(* Let $N, D_1, D_2$ be positive integers. Let $f^{[n]}_{\mathrm{DINOv2}}$ ($n=1,\dots,N$) map images to $\mathbb{R}^{D_1}$ (patch features of a pretrained DINOv2 encoder), let $\mathrm{DiffEnc}^{[n]}$ ($n=1,\dots,N$) map images to $\mathbb{R}^{D_2}$ (the $n$-th patch token of a diffusion model's hidden representation at timestep $t=0$), and let $g_\phi:\mathbb{R}^{D_2}\to\mathbb{R}^{D_1}$ be a projection head. Assume all feature embeddings in the DINOv2 embedding space are $\ell_2$-normalized, i.e. $\|f^{[n]}_{\mathrm{DINOv2}}(u)\|_2 = 1$ and $\|g_\phi(\mathrm{DiffEnc}^{[n]}(u))\|_2=1$ for all images $u$ and all $n$. Let $x\sim p_X$ be a ground-truth image, $\hat x \sim p_{\hat X\mid Y}$ its reconstruction produced by any reconstruction method (with marginal law $p_{\hat X}$), and $\bar x\sim p_{\bar X}$ a proxy approximation of $x$, all random variables on a common probability space. Define $$\mathrm{REPA}(\bar x,\hat x)=\frac1N\sum_{n=1}^N \cos\!\Big(f^{[n]}_{\mathrm{DINOv2}}(\bar x),\, g_\phi\big(\mathrm{DiffEnc}^{[n]}(\hat x)\big)\Big),\qquad \mu_f(u)=\frac1N\sum_{n=1}^N f^{[n]}_{\mathrm{DINOv2}}(u),$$ $$\mathrm{ApproxErr}(x,\bar x)=\frac1N\sum_{n=1}^N\big\|f^{[n]}_{\mathrm{DINOv2}}(x)-f^{[n]}_{\mathrm{DINOv2}}(\bar x)\big\|_2^2,\qquad \mathrm{MisREPA}(u)=\frac1N\sum_{n=1}^N\big\|f^{[n]}_{\mathrm{DINOv2}}(u)-g_\phi\big(\mathrm{DiffEnc}^{[n]}(u)\big)\big\|_2^2,$$ and $\mathrm{MMD}_{\mathrm{DINOv2}}(p_X,p_{\hat X})=\big\|\mathbb{E}_x[\mu_f(x)]-\mathbb{E}_{\hat x}[\mu_f(\hat x)]\big\|_2^2$. Then $$\mathbb{E}_{\hat x,\bar x}\big[\mathrm{REPA}(\bar x,\hat x)\big]\le 1-\frac18\,\mathrm{MMD}_{\mathrm{DINOv2}}(p_X,p_{\hat X})+\frac12\,\mathbb{E}_{x,\bar x}\big[\mathrm{ApproxErr}(x,\bar x)\big]+\frac14\,\mathbb{E}_{\hat x}\big[\mathrm{MisREPA}(\hat x)\big].$$
   Context: $\cos(a,b)=\langle a,b\rangle/(\|a\|_2\|b\|_2)$. Images are elements of a fixed Euclidean space; $f_{\mathrm{DINOv2}}$, $\mathrm{DiffEnc}$, $g_\phi$ are fixed measurable maps, and all expectations are assumed finite (they are, since all features considered are unit vectors or bounded). The expectations are taken under the joint law of $(x,\bar x,\hat x)$. *)

theory Defs
  imports "HOL-Probability.Probability"
begin

definition cos_sim :: "'a::real_inner \<Rightarrow> 'a \<Rightarrow> real" where
  "cos_sim a b = inner a b / (norm a * norm b)"

definition REPA ::
  "nat \<Rightarrow> (nat \<Rightarrow> 'i \<Rightarrow> 'b::real_inner) \<Rightarrow> (nat \<Rightarrow> 'i \<Rightarrow> 'c) \<Rightarrow> ('c \<Rightarrow> 'b)
     \<Rightarrow> 'i \<Rightarrow> 'i \<Rightarrow> real" where
  "REPA N f enc g xbar xhat =
     (1 / real N) * (\<Sum>n=1..N. cos_sim (f n xbar) (g (enc n xhat)))"

definition mu_f :: "nat \<Rightarrow> (nat \<Rightarrow> 'i \<Rightarrow> 'b::real_vector) \<Rightarrow> 'i \<Rightarrow> 'b" where
  "mu_f N f u = (1 / real N) *\<^sub>R (\<Sum>n=1..N. f n u)"

definition ApproxErr :: "nat \<Rightarrow> (nat \<Rightarrow> 'i \<Rightarrow> 'b::real_normed_vector) \<Rightarrow> 'i \<Rightarrow> 'i \<Rightarrow> real" where
  "ApproxErr N f x xbar = (1 / real N) * (\<Sum>n=1..N. (norm (f n x - f n xbar))\<^sup>2)"

definition MisREPA ::
  "nat \<Rightarrow> (nat \<Rightarrow> 'i \<Rightarrow> 'b::real_normed_vector) \<Rightarrow> (nat \<Rightarrow> 'i \<Rightarrow> 'c) \<Rightarrow> ('c \<Rightarrow> 'b) \<Rightarrow> 'i \<Rightarrow> real" where
  "MisREPA N f enc g u = (1 / real N) * (\<Sum>n=1..N. (norm (f n u - g (enc n u)))\<^sup>2)"

definition MMD_DINOv2 ::
  "'w measure \<Rightarrow> nat \<Rightarrow> (nat \<Rightarrow> 'i \<Rightarrow> 'b::euclidean_space) \<Rightarrow> ('w \<Rightarrow> 'i) \<Rightarrow> ('w \<Rightarrow> 'i) \<Rightarrow> real" where
  "MMD_DINOv2 M N f X Xhat =
     (norm ((\<integral>\<omega>. mu_f N f (X \<omega>) \<partial>M) - (\<integral>\<omega>. mu_f N f (Xhat \<omega>) \<partial>M)))\<^sup>2"

end

theory Submission
  imports Defs
begin

text \<open>For unit vectors \<open>cos(a, b) = 1 - \<parallel>a - b\<parallel>\<^sup>2 / 2\<close>, so REPA is one minus half the mean
  squared patch distance \<open>\<parallel>f(xbar) - g(DiffEnc(xhat))\<parallel>\<^sup>2\<close>. The triangle inequality along
  \<open>f(x), f(xbar), g(DiffEnc(xhat)), f(xhat)\<close>, together with
  \<open>(a + b + c)\<^sup>2 \<le> 4a\<^sup>2 + 4b\<^sup>2 + 2c\<^sup>2\<close>, bounds \<open>\<parallel>f(x) - f(xhat)\<parallel>\<^sup>2\<close> by this distance, the
  approximation error and the misalignment. After averaging over patches and taking expectations,
  Jensen's inequality bounds the MMD, the squared norm of an expectation of patch means, by the
  expected mean of \<open>\<parallel>f(x) - f(xhat)\<parallel>\<^sup>2\<close>.\<close>

lemma power2_sum3_le:
  fixes a b c :: real
  shows "(a + b + c)\<^sup>2 \<le> 4 * a\<^sup>2 + 4 * b\<^sup>2 + 2 * c\<^sup>2"
proof -
  have "4 * a\<^sup>2 + 4 * b\<^sup>2 + 2 * c\<^sup>2 - (a + b + c)\<^sup>2 = (a + b - c)\<^sup>2 + 2 * (a - b)\<^sup>2"
    by (simp add: power2_eq_square algebra_simps)
  then show ?thesis
    using zero_le_power2[of "a + b - c"] zero_le_power2[of "a - b"] by linarith
qed

lemma norm_diff_power2_le_three_steps:
  fixes a b c d :: "'a::real_normed_vector"
  shows "(norm (a - d))\<^sup>2 \<le> 4 * (norm (a - b))\<^sup>2 + 4 * (norm (b - c))\<^sup>2 + 2 * (norm (c - d))\<^sup>2"
proof -
  have "a - d = (a - b) + (b - c) + (c - d)"
    by simp
  have "norm (a - d) \<le> norm (a - b) + norm (b - c) + norm (c - d)"
    unfolding \<open>a - d = (a - b) + (b - c) + (c - d)\<close>
    by (intro norm_triangle_le add_right_mono norm_triangle_ineq)
  then have "(norm (a - d))\<^sup>2 \<le> (norm (a - b) + norm (b - c) + norm (c - d))\<^sup>2"
    by (simp add: power_mono)
  then show ?thesis
    using power2_sum3_le order_trans by blast
qed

[Work to be completed]
Give the data again in full, exactly.

[Exercise solution]
(* Let $N, D_1, D_2$ be positive integers. Let $f^{[n]}_{\mathrm{DINOv2}}$ ($n=1,\dots,N$) map images to $\mathbb{R}^{D_1}$ (patch features of a pretrained DINOv2 encoder), let $\mathrm{DiffEnc}^{[n]}$ ($n=1,\dots,N$) map images to $\mathbb{R}^{D_2}$ (the $n$-th patch token of a diffusion model's hidden representation at timestep $t=0$), and let $g_\phi:\mathbb{R}^{D_2}\to\mathbb{R}^{D_1}$ be a projection head. Assume all feature embeddings in the DINOv2 embedding space are $\ell_2$-normalized, i.e. $\|f^{[n]}_{\mathrm{DINOv2}}(u)\|_2 = 1$ and $\|g_\phi(\mathrm{DiffEnc}^{[n]}(u))\|_2=1$ for all images $u$ and all $n$. Let $x\sim p_X$ be a ground-truth image, $\hat x \sim p_{\hat X\mid Y}$ its reconstruction produced by any reconstruction method (with marginal law $p_{\hat X}$), and $\bar x\sim p_{\bar X}$ a proxy approximation of $x$, all random variables on a common probability space. Define $$\mathrm{REPA}(\bar x,\hat x)=\frac1N\sum_{n=1}^N \cos\!\Big(f^{[n]}_{\mathrm{DINOv2}}(\bar x),\, g_\phi\big(\mathrm{DiffEnc}^{[n]}(\hat x)\big)\Big),\qquad \mu_f(u)=\frac1N\sum_{n=1}^N f^{[n]}_{\mathrm{DINOv2}}(u),$$ $$\mathrm{ApproxErr}(x,\bar x)=\frac1N\sum_{n=1}^N\big\|f^{[n]}_{\mathrm{DINOv2}}(x)-f^{[n]}_{\mathrm{DINOv2}}(\bar x)\big\|_2^2,\qquad \mathrm{MisREPA}(u)=\frac1N\sum_{n=1}^N\big\|f^{[n]}_{\mathrm{DINOv2}}(u)-g_\phi\big(\mathrm{DiffEnc}^{[n]}(u)\big)\big\|_2^2,$$ and $\mathrm{MMD}_{\mathrm{DINOv2}}(p_X,p_{\hat X})=\big\|\mathbb{E}_x[\mu_f(x)]-\mathbb{E}_{\hat x}[\mu_f(\hat x)]\big\|_2^2$. Then $$\mathbb{E}_{\hat x,\bar x}\big[\mathrm{REPA}(\bar x,\hat x)\big]\le 1-\frac18\,\mathrm{MMD}_{\mathrm{DINOv2}}(p_X,p_{\hat X})+\frac12\,\mathbb{E}_{x,\bar x}\big[\mathrm{ApproxErr}(x,\bar x)\big]+\frac14\,\mathbb{E}_{\hat x}\big[\mathrm{MisREPA}(\hat x)\big].$$
   Context: $\cos(a,b)=\langle a,b\rangle/(\|a\|_2\|b\|_2)$. Images are elements of a fixed Euclidean space; $f_{\mathrm{DINOv2}}$, $\mathrm{DiffEnc}$, $g_\phi$ are fixed measurable maps, and all expectations are assumed finite (they are, since all features considered are unit vectors or bounded). The expectations are taken under the joint law of $(x,\bar x,\hat x)$. *)

theory Defs
  imports "HOL-Probability.Probability"
begin

definition cos_sim :: "'a::real_inner \<Rightarrow> 'a \<Rightarrow> real" where
  "cos_sim a b = inner a b / (norm a * norm b)"

definition REPA ::
  "nat \<Rightarrow> (nat \<Rightarrow> 'i \<Rightarrow> 'b::real_inner) \<Rightarrow> (nat \<Rightarrow> 'i \<Rightarrow> 'c) \<Rightarrow> ('c \<Rightarrow> 'b)
     \<Rightarrow> 'i \<Rightarrow> 'i \<Rightarrow> real" where
  "REPA N f enc g xbar xhat =
     (1 / real N) * (\<Sum>n=1..N. cos_sim (f n xbar) (g (enc n xhat)))"

definition mu_f :: "nat \<Rightarrow> (nat \<Rightarrow> 'i \<Rightarrow> 'b::real_vector) \<Rightarrow> 'i \<Rightarrow> 'b" where
  "mu_f N f u = (1 / real N) *\<^sub>R (\<Sum>n=1..N. f n u)"

definition ApproxErr :: "nat \<Rightarrow> (nat \<Rightarrow> 'i \<Rightarrow> 'b::real_normed_vector) \<Rightarrow> 'i \<Rightarrow> 'i \<Rightarrow> real" where
  "ApproxErr N f x xbar = (1 / real N) * (\<Sum>n=1..N. (norm (f n x - f n xbar))\<^sup>2)"

definition MisREPA ::
  "nat \<Rightarrow> (nat \<Rightarrow> 'i \<Rightarrow> 'b::real_normed_vector) \<Rightarrow> (nat \<Rightarrow> 'i \<Rightarrow> 'c) \<Rightarrow> ('c \<Rightarrow> 'b) \<Rightarrow> 'i \<Rightarrow> real" where
  "MisREPA N f enc g u = (1 / real N) * (\<Sum>n=1..N. (norm (f n u - g (enc n u)))\<^sup>2)"

definition MMD_DINOv2 ::
  "'w measure \<Rightarrow> nat \<Rightarrow> (nat \<Rightarrow> 'i \<Rightarrow> 'b::euclidean_space) \<Rightarrow> ('w \<Rightarrow> 'i) \<Rightarrow> ('w \<Rightarrow> 'i) \<Rightarrow> real" where
  "MMD_DINOv2 M N f X Xhat =
     (norm ((\<integral>\<omega>. mu_f N f (X \<omega>) \<partial>M) - (\<integral>\<omega>. mu_f N f (Xhat \<omega>) \<partial>M)))\<^sup>2"

end

theory Submission
  imports Defs
begin

text \<open>For unit vectors \<open>cos(a, b) = 1 - \<parallel>a - b\<parallel>\<^sup>2 / 2\<close>, so REPA is one minus half the mean
  squared patch distance \<open>\<parallel>f(xbar) - g(DiffEnc(xhat))\<parallel>\<^sup>2\<close>. The triangle inequality along
  \<open>f(x), f(xbar), g(DiffEnc(xhat)), f(xhat)\<close>, together with
  \<open>(a + b + c)\<^sup>2 \<le> 4a\<^sup>2 + 4b\<^sup>2 + 2c\<^sup>2\<close>, bounds \<open>\<parallel>f(x) - f(xhat)\<parallel>\<^sup>2\<close> by this distance, the
  approximation error and the misalignment. After averaging over patches and taking expectations,
  Jensen's inequality bounds the MMD, the squared norm of an expectation of patch means, by the
  expected mean of \<open>\<parallel>f(x) - f(xhat)\<parallel>\<^sup>2\<close>.\<close>

lemma power2_sum3_le:
  fixes a b c :: real
  shows "(a + b + c)\<^sup>2 \<le> 4 * a\<^sup>2 + 4 * b\<^sup>2 + 2 * c\<^sup>2"
proof -
  have "4 * a\<^sup>2 + 4 * b\<^sup>2 + 2 * c\<^sup>2 - (a + b + c)\<^sup>2 = (a + b - c)\<^sup>2 + 2 * (a - b)\<^sup>2"
    by (simp add: power2_eq_square algebra_simps)
  then show ?thesis
    using zero_le_power2[of "a + b - c"] zero_le_power2[of "a - b"] by linarith
qed

lemma norm_diff_power2_le_three_steps:
  fixes a b c d :: "'a::real_normed_vector"
  shows "(norm (a - d))\<^sup>2 \<le> 4 * (norm (a - b))\<^sup>2 + 4 * (norm (b - c))\<^sup>2 + 2 * (norm (c - d))\<^sup>2"
proof -
  have "a - d = (a - b) + (b - c) + (c - d)"
    by simp
  have "norm (a - d) \<le> norm (a - b) + norm (b - c) + norm (c - d)"
    unfolding \<open>a - d = (a - b) + (b - c) + (c - d)\<close>
    by (intro norm_triangle_le add_right_mono norm_triangle_ineq)
  then have "(norm (a - d))\<^sup>2 \<le> (norm (a - b) + norm (b - c) + norm (c - d))\<^sup>2"
    by (simp add: power_mono)
  then show ?thesis
    using power2_sum3_le order_trans by blast
qed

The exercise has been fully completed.